Raines won two World Series with the Yankees and another with the White Sox as a coach.
* * *
Later on Orientation Tour day, over a lunch of calamari and chicken pot pie at the Hawkeye Grill inside the grand The Otesaga Resort Hotel, Raines told of his text and phone messages since The Call in January. There were about 450 he guesses.
He heard from third baseman Kalvin Adams, who he played with for the 1977 rookie-class Gulf Coast Expos. Adams was a first round pick in the Expos in the secondary phase of the June 1977 draft from Central Arizona College and was 18 that first summer in the organization, His buddy Raines was 17 and on a two-year time table -- if it didn’t work out he’d go back to football. Adams peaked at class-A West Palm.
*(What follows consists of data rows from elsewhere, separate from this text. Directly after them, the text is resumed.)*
lemma edge_irrefl: "\<not> E x x"
  using graph_simple by (simp add: simple_graph_def)

lemma G_subgroup: "subgroup G (BijGroup V)"
  using G_half_arc_transitive by (simp add: half_arc_transitive_def subgroup_Aut_def)

lemma G_Bij: "g \<in> G \<Longrightarrow> g \<in> Bij V"
  using perm_subgroup_Bij[OF G_subgroup] .

lemma G_apply: "g \<in> G \<Longrightarrow> x \<in> V \<Longrightarrow> g x \<in> V"
  using Bij_apply[OF G_Bij] .

lemma G_compose: "g \<in> G \<Longrightarrow> h \<in> G \<Longrightarrow> compose V g h \<in> G"
  using perm_subgroup_compose[OF G_subgroup] .

lemma G_inv: "g \<in> G \<Longrightarrow> perm_inv V g \<in> G"
  using perm_subgroup_inv[OF G_subgroup] .

lemma G_edge_iff: "g \<in> G \<Longrightarrow> x \<in> V \<Longrightarrow> y \<in> V \<Longrightarrow> E (g x) (g y) \<longleftrightarrow> E x y"
  using G_half_arc_transitive
  by (simp add: half_arc_transitive_def subgroup_Aut_def is_automorphism_def)

lemma G_edge: "g \<in> G \<Longrightarrow> E x y \<Longrightarrow> E (g x) (g y)"
  using G_edge_iff edge_vertices by blast

lemma G_vertex_transitive: "u \<in> V \<Longrightarrow> w \<in> V \<Longrightarrow> \<exists>g\<in>G. g u = w"
  using G_half_arc_transitive by (simp add: half_arc_transitive_def vertex_transitive_def)

lemma G_edge_transitive:
  "E a b \<Longrightarrow> E c d \<Longrightarrow> \<exists>g\<in>G. (g a = c \<and> g b = d) \<or> (g a = d \<and> g b = c)"
  using G_half_arc_transitive unfolding half_arc_transitive_def edge_transitive_def
  by (metis doubleton_eq_iff)

lemma finite_G: "finite G"
proof (rule finite_subset)
  show "G \<subseteq> V \<rightarrow>\<^sub>E V"
    using G_apply Bij_imp_extensional[OF G_Bij] by (auto simp: PiE_def)
qed (simp add: finite_V finite_PiE)

lemma finite_neighbours: "finite (neighbours V E v)"
  using finite_V by (simp add: neighbours_def)

lemma card_neighbours: "v \<in> V \<Longrightarrow> card (neighbours V E v) = 4"
  using graph_tetravalent by (simp add: tetravalent_def neighbours_def)

lemma ex_edge: "\<exists>u w. E u w"
proof -
  obtain v where "v \<in> V" using graph_connected by (auto simp: connected_graph_def)
  then have "neighbours V E v \<noteq> {}" using card_neighbours by fastforce
  then show ?thesis by (auto simp: neighbours_def)
qed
This summer Raines will be peeking out of the back of a convertible as the parade travels slowly the six short blocks from Doubleday Field, the Home of Baseball legend says, to the Hall, home of the game's greatest ever. And that's a fact.
Former Expos owner Charles Bronfman has called to say he is coming. Raines has also heard from former teammates Jerry White, Wallace Johnson, Jim Wohlford to name and few and his high school coach Bobby Lundquist.
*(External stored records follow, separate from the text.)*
(* (i - m gchoose i) is the product of the eigenvalues 1 - m/k, k = 1..i, of the steps
   F k \<mapsto> F (Suc k) on the m-th eigenvector. *)

lemma L_op_flow:
  fixes F :: "nat \<Rightarrow> 'a::field_char_0 fps"
  assumes step: "\<And>i. of_nat (Suc i) * F (Suc i) = of_nat (Suc i) * F i - L_op N (F i)"
    and init: "F 0 = (\<Sum>m\<le>N. fps_const (c m) * bern N m)"
  shows "F i = (\<Sum>m\<le>N. fps_const (((of_nat i - of_nat m) gchoose i) * c m) * bern N m)"
proof (induction i)
  case 0
  show ?case using init by simp
next
  case (Suc i)
  have absorb: "(of_nat (Suc i) - of_nat m) * ((of_nat i - of_nat m) gchoose i) =
      of_nat (Suc i) * ((of_nat (Suc i) - of_nat m :: 'a) gchoose Suc i)" for m
    using gbinomial_absorption[of i "of_nat (Suc i) - of_nat m :: 'a"] by simp
  have "of_nat (Suc i) * F (Suc i) =
      (\<Sum>m\<le>N. fps_const ((of_nat (Suc i) - of_nat m) * ((of_nat i - of_nat m) gchoose i) * c m) * bern N m)"
    unfolding step Suc.IH L_op_sum_bern sum_distrib_left sum_subtractf[symmetric]
    by (intro sum.cong) (simp_all add: fps_eq_iff algebra_simps flip: fps_of_nat)
  also have "\<dots> =
      (\<Sum>m\<le>N. fps_const (of_nat (Suc i) * ((of_nat (Suc i) - of_nat m) gchoose (Suc i)) * c m) * bern N m)"
    by (simp only: absorb)
  also have "\<dots> = of_nat (Suc i) *
      (\<Sum>m\<le>N. fps_const (((of_nat (Suc i) - of_nat m) gchoose (Suc i)) * c m) * bern N m)"
    unfolding sum_distrib_left
    by (intro sum.cong) (simp_all add: fps_eq_iff algebra_simps flip: fps_of_nat)
  finally show ?case
    by (simp del: of_nat_Suc)
qed

definition bern_Ints_span :: "nat \<Rightarrow> 'a::comm_ring_1 fps set" where
  "bern_Ints_span N = {\<Sum>m\<le>N. fps_const (c m) * bern N m | c. \<forall>m. c m \<in> \<int>}"

lemma bern_Ints_spanI:
  "(\<And>m. c m \<in> \<int>) \<Longrightarrow> (\<Sum>m\<le>N. fps_const (c m) * bern N m) \<in> bern_Ints_span N"
  unfolding bern_Ints_span_def by blast

lemma fps_Ints_bern_Ints_span: "f \<in> bern_Ints_span N \<Longrightarrow> fps_Ints f"
  unfolding bern_Ints_span_def
  by (auto intro!: fps_Ints_sum fps_Ints_mult fps_Ints_const fps_Ints_bern)

lemma bern_Ints_span_diff:
  assumes "f \<in> bern_Ints_span N" "g \<in> bern_Ints_span N"
  shows "f - g \<in> bern_Ints_span N"
proof -
  obtain c d where "\<forall>m. c m \<in> \<int>" "\<forall>m. d m \<in> \<int>"
    and "f = (\<Sum>m\<le>N. fps_const (c m) * bern N m)" "g = (\<Sum>m\<le>N. fps_const (d m) * bern N m)"
    using assms unfolding bern_Ints_span_def by blast
  then have "f - g = (\<Sum>m\<le>N. fps_const (c m - d m) * bern N m)"
    by (simp only: sum_subtractf[symmetric] left_diff_distrib[symmetric] fps_const_sub)
  then show ?thesis
    using \<open>\<forall>m. c m \<in> \<int>\<close> \<open>\<forall>m. d m \<in> \<int>\<close> by (simp add: bern_Ints_spanI)
qed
“Everybody calls me, everybody wants to talk to me, everybody wants to hang out with me now. It’s been really cool,” Raines had said earlier and admits he especially enjoys catchingteammates he has not heard from. "I’m one of those guys that every teammate I played with I felt like I had a good relationship with. When you’re not playing you get out of touch quickly.”
The cheers were overwhelming in Montreal both at the Pirates-Jays game and at the Bell Centre.
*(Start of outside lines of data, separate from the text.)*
(* Let $H$ be a finite dimensional $G$-graded $G$-module. For all $b\in B_n$, $x\in(H^\ast)^{\otimes n}$ and $v\in H^{\otimes n}$, $(b\cdot x)(v)=x(r(b)\cdot v)$.
   Context: $G$ finite group. A $G$-graded $G$-module is $H=\bigoplus_{m\in G}H_m$ with a $G$-action satisfying $\gamma H_m=H_{\gamma m\gamma^{-1}}$. $H^\ast$ is a $G$-graded $G$-module via $(\gamma x)(v)=x(\gamma^{-1}v)$ and $(H^\ast)_m=(H_{m^{-1}})^\ast$. For any $G$-graded $G$-module $V$, $B_n$ (generators $b_1,\dots,b_{n-1}$) acts on $V^{\otimes n}$ by $b_i(v_1\otimes\cdots\otimes v_n)=v_1\otimes\cdots\otimes(\gamma_iv_{i+1})\otimes v_i\otimes\cdots\otimes v_n$ for $v_j\in V_{\gamma_j}$; this is applied to both $V=H$ and $V=H^\ast$. The pairing of $(H^\ast)^{\otimes n}$ with $H^{\otimes n}$ is $(x_1\otimes\cdots\otimes x_n)(v_1\otimes\cdots\otimes v_n)=x_n(v_1)x_{n-1}(v_2)\cdots x_1(v_n)$. The reflection $r:B_n\to B_n$ is the antihomomorphism with $r(b_i)=b_{n-i}$. *)

theory Defs
  imports Complex_Main "HOL-Algebra.Group"
begin

text \<open>Braid group words: an element of B_n is represented by a word in the
generators b_i (i, True) and their inverses (i, False), 1 \<le> i \<le> n - 1.
The word [g1, ..., gk] stands for the product g1 g2 ... gk.\<close>

type_synonym bword = "(nat \<times> bool) list"

definition braid_word :: "nat \<Rightarrow> bword \<Rightarrow> bool" where
  "braid_word n w \<longleftrightarrow> (\<forall>(i, s) \<in> set w. 1 \<le> i \<and> i < n)"

definition brefl :: "nat \<Rightarrow> bword \<Rightarrow> bword" where
  "brefl n w = rev (map (\<lambda>(i, s). (n - i, s)) w)"

text \<open>A homogeneous pure tensor v_1 \<otimes> ... \<otimes> v_n of a G-graded G-module
is a list of pairs (gamma_j, v_j) with v_j of degree gamma_j.
Action of b_i (positions i, i+1, 1-indexed):
 v_i \<otimes> v_(i+1) \<mapsto> (gamma_i v_(i+1)) \<otimes> v_i, the new degrees being
 gamma_i gamma_(i+1) gamma_i^-1 and gamma_i.\<close>
definition bgen :: "('g, 'm) monoid_scheme \<Rightarrow> ('g \<Rightarrow> 'a \<Rightarrow> 'a) \<Rightarrow> nat
    \<Rightarrow> ('g \<times> 'a) list \<Rightarrow> ('g \<times> 'a) list" where
  "bgen G act i t =
     (let (g1, v1) = t ! (i - 1); (g2, v2) = t ! i
      in t[i - 1 := (g1 \<otimes>\<^bsub>G\<^esub> g2 \<otimes>\<^bsub>G\<^esub> inv\<^bsub>G\<^esub> g1, act g1 v2), i := (g1, v1)])"

text \<open>Action of b_i^-1 (the inverse of the map above):
 v_i \<otimes> v_(i+1) \<mapsto> v_(i+1) \<otimes> (gamma_(i+1)^-1 v_i).\<close>
definition bgen_inv :: "('g, 'm) monoid_scheme \<Rightarrow> ('g \<Rightarrow> 'a \<Rightarrow> 'a) \<Rightarrow> nat
    \<Rightarrow> ('g \<times> 'a) list \<Rightarrow> ('g \<times> 'a) list" where
  "bgen_inv G act i t =
     (let (g1, v1) = t ! (i - 1); (g2, v2) = t ! i
      in t[i - 1 := (g2, v2), i := (inv\<^bsub>G\<^esub> g2 \<otimes>\<^bsub>G\<^esub> g1 \<otimes>\<^bsub>G\<^esub> g2, act (inv\<^bsub>G\<^esub> g2) v1)])"

text \<open>Action of a braid word on a homogeneous pure tensor (rightmost letter acts first).\<close>
definition bact :: "('g, 'm) monoid_scheme \<Rightarrow> ('g \<Rightarrow> 'a \<Rightarrow> 'a) \<Rightarrow> bword
    \<Rightarrow> ('g \<times> 'a) list \<Rightarrow> ('g \<times> 'a) list" where
  "bact G act w t = foldr (\<lambda>(i, s) u. if s then bgen G act i u else bgen_inv G act i u) w t"

text \<open>General elements of V^{\<otimes> n}: finite linear combinations of homogeneous
pure tensors; the braid action is extended linearly.\<close>
type_synonym ('k, 'g, 'a) tens = "('k \<times> ('g \<times> 'a) list) list"

definition tact :: "('g, 'm) monoid_scheme \<Rightarrow> ('g \<Rightarrow> 'a \<Rightarrow> 'a) \<Rightarrow> bword
    \<Rightarrow> ('k, 'g, 'a) tens \<Rightarrow> ('k, 'g, 'a) tens" where
  "tact G act w X = map (\<lambda>(c, t). (c, bact G act w t)) X"

definition homog_tensor :: "nat \<Rightarrow> 'g set \<Rightarrow> ('g \<Rightarrow> 'a set) \<Rightarrow> ('k, 'g, 'a) tens \<Rightarrow> bool" where
  "homog_tensor n Gc D X \<longleftrightarrow>
     (\<forall>(c, t) \<in> set X. length t = n \<and> (\<forall>(g, v) \<in> set t. g \<in> Gc \<and> v \<in> D g))"

text \<open>The dual G-graded G-module H^*: linear functionals, (gamma x)(v) = x(gamma^-1 v),
and (H^*)_m = (H_(m^-1))^*, i.e. functionals vanishing on all H_m' with m' \<noteq> m^-1.\<close>
definition dual_act :: "('g, 'm) monoid_scheme \<Rightarrow> ('g \<Rightarrow> 'v \<Rightarrow> 'v) \<Rightarrow> 'g
    \<Rightarrow> ('v \<Rightarrow> 'k) \<Rightarrow> ('v \<Rightarrow> 'k)" where
  "dual_act G act g x = (\<lambda>v. x (act (inv\<^bsub>G\<^esub> g) v))"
“I fouled up dropping the puck,” Raines said. “The guy told me to stand at centre ice, look at the cameras and then drop the puck. I held the puck, looked, looked and still no flash bulbs. The Canadiens player finally said ‘Ah, think you can drop it.’”
He likely won’t have to do any more pre-game ceremonial droppings. Maybe a ceremonial first pitch or three down the road. He has to make his speech and enjoy life, a life that changed for the good with his election to the Hall of Fame. Each year, the honored members are all invited back to greet new inductees and it is a tribute to the Hall of Fame, so many players show.
In a few years the desk clerk at the Otesaga will be saying on Hall of Fame weekend in Cooperstown “Hello Mr. Raines ... your regular room?”